lemma det2_pos_of_diagonal_dominance:
  assumes "0 \<le> u True" "0 \<le> v False" "u True < u False" "v False < v True"
  shows "0 < det2 u v"
proof -
  have "u True * v False \<le> u True * v True"
    using assms(1,4) by (simp add: mult_left_mono)
  also have "\<dots> < u False * v True"
    using assms(2-4) by simp
  finally show ?thesis
    by (simp add: det2_def)
qed

lemma det2_mult_nonneg:
  assumes "\<And>i. 0 \<le> u i" "\<And>i. 0 \<le> v i" "\<And>i. 0 \<le> u' i" "\<And>i. 0 \<le> v' i"
    and "0 \<le> det2 u v" "0 \<le> det2 u' v'"
  shows "0 \<le> det2 (\<lambda>i. u i * u' i) (\<lambda>i. v i * v' i)"
proof -
  have "u True * v False \<le> u False * v True" "u' True * v' False \<le> u' False * v' True"
    using assms(5,6) by (simp_all add: det2_def)
  from mult_mono[OF this] have
    "(u True * v False) * (u' True * v' False) \<le> (u False * v True) * (u' False * v' True)"
    by (simp add: assms(1-4))
  then show ?thesis
    by (simp add: det2_def algebra_simps)
qed

lemma det2_mult_nonpos:
  assumes "\<And>i. 0 \<le> u i" "\<And>i. 0 \<le> v i" "\<And>i. 0 \<le> u' i" "\<And>i. 0 \<le> v' i"
    and "det2 u v \<le> 0" "det2 u' v' \<le> 0"
  shows "det2 (\<lambda>i. u i * u' i) (\<lambda>i. v i * v' i) \<le> 0"
proof -
  have "0 \<le> det2 v u" "0 \<le> det2 v' u'"
    using assms(5,6) det2_swap[of v u] det2_swap[of v' u'] by linarith+
  from det2_mult_nonneg[OF assms(2,1,4,3) this] show ?thesis
    using det2_swap[of "\<lambda>i. v i * v' i" "\<lambda>i. u i * u' i"] by linarith
qed

lemma pairwise_products_not_all_neg:
  fixes x y z x' y' z' :: real
  assumes "(x * y) * (x' * y') < 0" "(z * x) * (z' * x') < 0" "(y * z) * (y' * z') < 0"
  shows False
proof -
  have "((x * y) * (x' * y')) * ((z * x) * (z' * x')) * ((y * z) * (y' * z')) < 0"
    using assms by (meson mult_neg_neg mult_pos_neg)
  moreover have "((x * y) * (x' * y')) * ((z * x) * (z' * x')) * ((y * z) * (y' * z'))
      = (x * y * z * x' * y' * z')\<^sup>2"
    by (simp add: power2_eq_square algebra_simps)
  ultimately show False
    by (metis not_less zero_le_power2)
qed

lemma slice_minor_rank2_tensor:
  "slice_minor (rank2_tensor a b c d e f) k = c k * f k * (det2 a d * det2 b e)"
  by (simp add: slice_minor_def rank2_tensor_def tens3_def det2_def algebra_simps)

lemma rank2_tensor_nonneg:
  assumes "nonneg2 a" "nonneg2 b" "nonneg2 c" "nonneg2 d" "nonneg2 e" "nonneg2 f"
  shows "0 \<le> rank2_tensor a b c d e f x"
  using assms unfolding rank2_tensor_def tens3_def nonneg2_def
  by (auto split: prod.split)

lemma rank2_tensor_rotate3:
  "rank2_tensor a b c d e f (rotate3 x) = rank2_tensor c a b f d e x"
  by (cases x) (simp add: rank2_tensor_def tens3_def)

lemma product_slice_minors_opposite_signs:
  assumes nonneg: "\<forall>v\<in>{a1, b1, c1, d1, e1, f1, a2, b2, c2, d2, e2, f2}. nonneg2 v"
    and p: "\<And>x. p x = rank2_tensor a1 b1 c1 d1 e1 f1 x * rank2_tensor a2 b2 c2 d2 e2 f2 x"
    and pos: "0 < slice_minor p s" and neg: "slice_minor p t < 0"
  shows "(det2 a1 d1 * det2 b1 e1) * (det2 a2 d2 * det2 b2 e2) < 0"
proof (rule ccontr)
  define q1 where "q1 = rank2_tensor a1 b1 c1 d1 e1 f1"
  define q2 where "q2 = rank2_tensor a2 b2 c2 d2 e2 f2"
  define \<sigma>1 where "\<sigma>1 = det2 a1 d1 * det2 b1 e1"
  define \<sigma>2 where "\<sigma>2 = det2 a2 d2 * det2 b2 e2"
  have q_nonneg: "0 \<le> q1 x" "0 \<le> q2 x" for x
    using nonneg by (simp_all add: q1_def q2_def rank2_tensor_nonneg)
  have weights: "0 \<le> c1 k * f1 k" "0 \<le> c2 k * f2 k" for k
    using nonneg by (simp_all add: nonneg2_def)
  have minors: "slice_minor q1 k = c1 k * f1 k * \<sigma>1" "slice_minor q2 k = c2 k * f2 k * \<sigma>2" for k
    by (simp_all add: q1_def q2_def \<sigma>1_def \<sigma>2_def slice_minor_rank2_tensor)
  have p_minor: "slice_minor p k = det2 (\<lambda>i. q1 (i, False, k) * q2 (i, False, k))
      (\<lambda>i. q1 (i, True, k) * q2 (i, True, k))" for k
    by (simp add: slice_minor_def p q1_def q2_def)
  assume "\<not> ?thesis"
  then have "0 \<le> \<sigma>1 * \<sigma>2"
    by (simp add: \<sigma>1_def \<sigma>2_def)
  then have "(0 \<le> \<sigma>1 \<and> 0 \<le> \<sigma>2) \<or> (\<sigma>1 \<le> 0 \<and> \<sigma>2 \<le> 0)"
    by (simp add: zero_le_mult_iff)
  then show False
  proof
    assume "0 \<le> \<sigma>1 \<and> 0 \<le> \<sigma>2"
    then have minors_t: "0 \<le> slice_minor q1 t" "0 \<le> slice_minor q2 t"
      by (simp_all add: minors weights)
    have "0 \<le> slice_minor p t"
      unfolding p_minor
      by (rule det2_mult_nonneg[OF _ _ _ _ minors_t[unfolded slice_minor_def]]) (rule q_nonneg)+
    with neg show False by simp
  next
    assume "\<sigma>1 \<le> 0 \<and> \<sigma>2 \<le> 0"
    then have minors_s: "slice_minor q1 s \<le> 0" "slice_minor q2 s \<le> 0"
      by (simp_all add: minors weights mult_nonneg_nonpos)
    have "slice_minor p s \<le> 0"
      unfolding p_minor
      by (rule det2_mult_nonpos[OF _ _ _ _ minors_s[unfolded slice_minor_def]]) (rule q_nonneg)+
    with pos show False by simp
  qed
qed

lemma hamming_nb_sym: "hamming_nb x y \<Longrightarrow> hamming_nb y x"
  by (cases x; cases y) (auto simp: hamming_nb_def split: if_splits)

lemma hamming_nb_rotate3: "hamming_nb (rotate3 x) (rotate3 y) = hamming_nb x y"
  by (cases x; cases y) (auto simp: hamming_nb_def)

lemma parity_rotate3 [simp]: "parity (rotate3 x) = parity x"
  by (cases x) auto

lemma modes_not_adjacent: "is_mode p x \<Longrightarrow> is_mode p y \<Longrightarrow> \<not> hamming_nb x y"
  using hamming_nb_sym less_asym unfolding is_mode_def by blast

lemma is_mode_rotate3:
  assumes "is_mode p (rotate3 x)"
  shows "is_mode (p \<circ> rotate3) x"
  unfolding is_mode_def
proof (intro allI impI)
  fix y assume "hamming_nb x y"
  then show "(p \<circ> rotate3) y < (p \<circ> rotate3) x"
    using assms hamming_nb_rotate3[of x y] unfolding is_mode_def comp_apply by blast
qed

lemma parity_differs_imp_adjacent_or_antipodal:
  "parity x \<noteq> parity y \<Longrightarrow> hamming_nb x y \<or> y = antipode x"
  by (cases x; cases y) (auto simp: hamming_nb_def)

lemma parity_class_eq:
  "{x. parity x = b} = (if b then {(True, False, False), (False, True, False), (False, False, True), (True, True, True)}
     else {(False, False, False), (False, True, True), (True, False, True), (True, True, False)})"
  by auto

lemma independent_set_mixed_parity_subset:
  assumes indep: "\<And>x y. x \<in> S \<Longrightarrow> y \<in> S \<Longrightarrow> \<not> hamming_nb x y"
    and "x \<in> S" "y \<in> S" "parity x \<noteq> parity y"
  shows "S \<subseteq> {x, y}"
proof
  have y: "y = antipode x"
    using parity_differs_imp_adjacent_or_antipodal indep assms(2-4) by blast
  fix z assume "z \<in> S"
  show "z \<in> {x, y}"
  proof (cases "parity z = parity x")
    case True
    then have "z = antipode y"
      using parity_differs_imp_adjacent_or_antipodal[of y z] indep assms(3,4) \<open>z \<in> S\<close> by auto
    then show ?thesis by (simp add: y)
  next
    case False
    then have "z = antipode x"
      using parity_differs_imp_adjacent_or_antipodal[of x z] indep assms(2) \<open>z \<in> S\<close> by auto
    then show ?thesis by (simp add: y)
  qed
qed

lemma independent_four_states_parity_class:
  fixes S :: "state set"
  assumes card: "card S = 4" and indep: "\<And>x y. x \<in> S \<Longrightarrow> y \<in> S \<Longrightarrow> \<not> hamming_nb x y"
  obtains b where "S = {x. parity x = b}"
proof -
  from card have "S \<noteq> {}"
    by auto
  then obtain x where "x \<in> S"
    by blast
  have sub: "S \<subseteq> {z. parity z = parity x}"
  proof (rule ccontr)
    assume "\<not> S \<subseteq> {z. parity z = parity x}"
    then obtain y where "y \<in> S" "parity x \<noteq> parity y"
      by blast
    with \<open>x \<in> S\<close> have "card S \<le> card {x, y}"
      by (intro card_mono independent_set_mixed_parity_subset[OF indep]) simp_all
    also have "\<dots> \<le> 2"
      by (simp add: card_insert_if)
    finally show False
      using card by simp
  qed
  moreover have "card {z. parity z = parity x} = 4"
    by (simp add: parity_class_eq)
  ultimately have "S = {z. parity z = parity x}"
    using card by (intro card_subset_eq) (simp_all add: parity_class_eq)
  then show thesis ..
qed

lemma is_mode_flip_first: "is_mode p (i, j, k) \<Longrightarrow> p (\<not> i, j, k) < p (i, j, k)"
  unfolding is_mode_def hamming_nb_def by auto

lemma slice_minor_signs_of_parity_modes:
  assumes modes: "\<And>x. parity x = b \<Longrightarrow> is_mode p x" and nonneg: "\<And>x. 0 \<le> p x"
  shows "0 < slice_minor p b" "slice_minor p (\<not> b) < 0"
proof -
  have flip: "p (\<not> i, j, k) < p (i, j, k)" if "parity (i, j, k) = b" for i j k
    using is_mode_flip_first modes that by blast
  have "0 < det2 (\<lambda>i. p (i, False, b)) (\<lambda>i. p (i, True, b))"
    using flip[of False False b] flip[of True True b]
    by (intro det2_pos_of_diagonal_dominance) (simp_all add: nonneg)
  then show "0 < slice_minor p b"
    by (simp add: slice_minor_def)
  have "0 < det2 (\<lambda>i. p (i, True, \<not> b)) (\<lambda>i. p (i, False, \<not> b))"
    using flip[of False True "\<not> b"] flip[of True False "\<not> b"]
    by (intro det2_pos_of_diagonal_dominance) (simp_all add: nonneg)
  then show "slice_minor p (\<not> b) < 0"
    unfolding slice_minor_def using det2_swap by (metis neg_0_less_iff_less)
qed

•••

# [Exercise]
Look for the word "split" in the records above, count the lines that hold it, and give only that number.

# [Exercise result]
2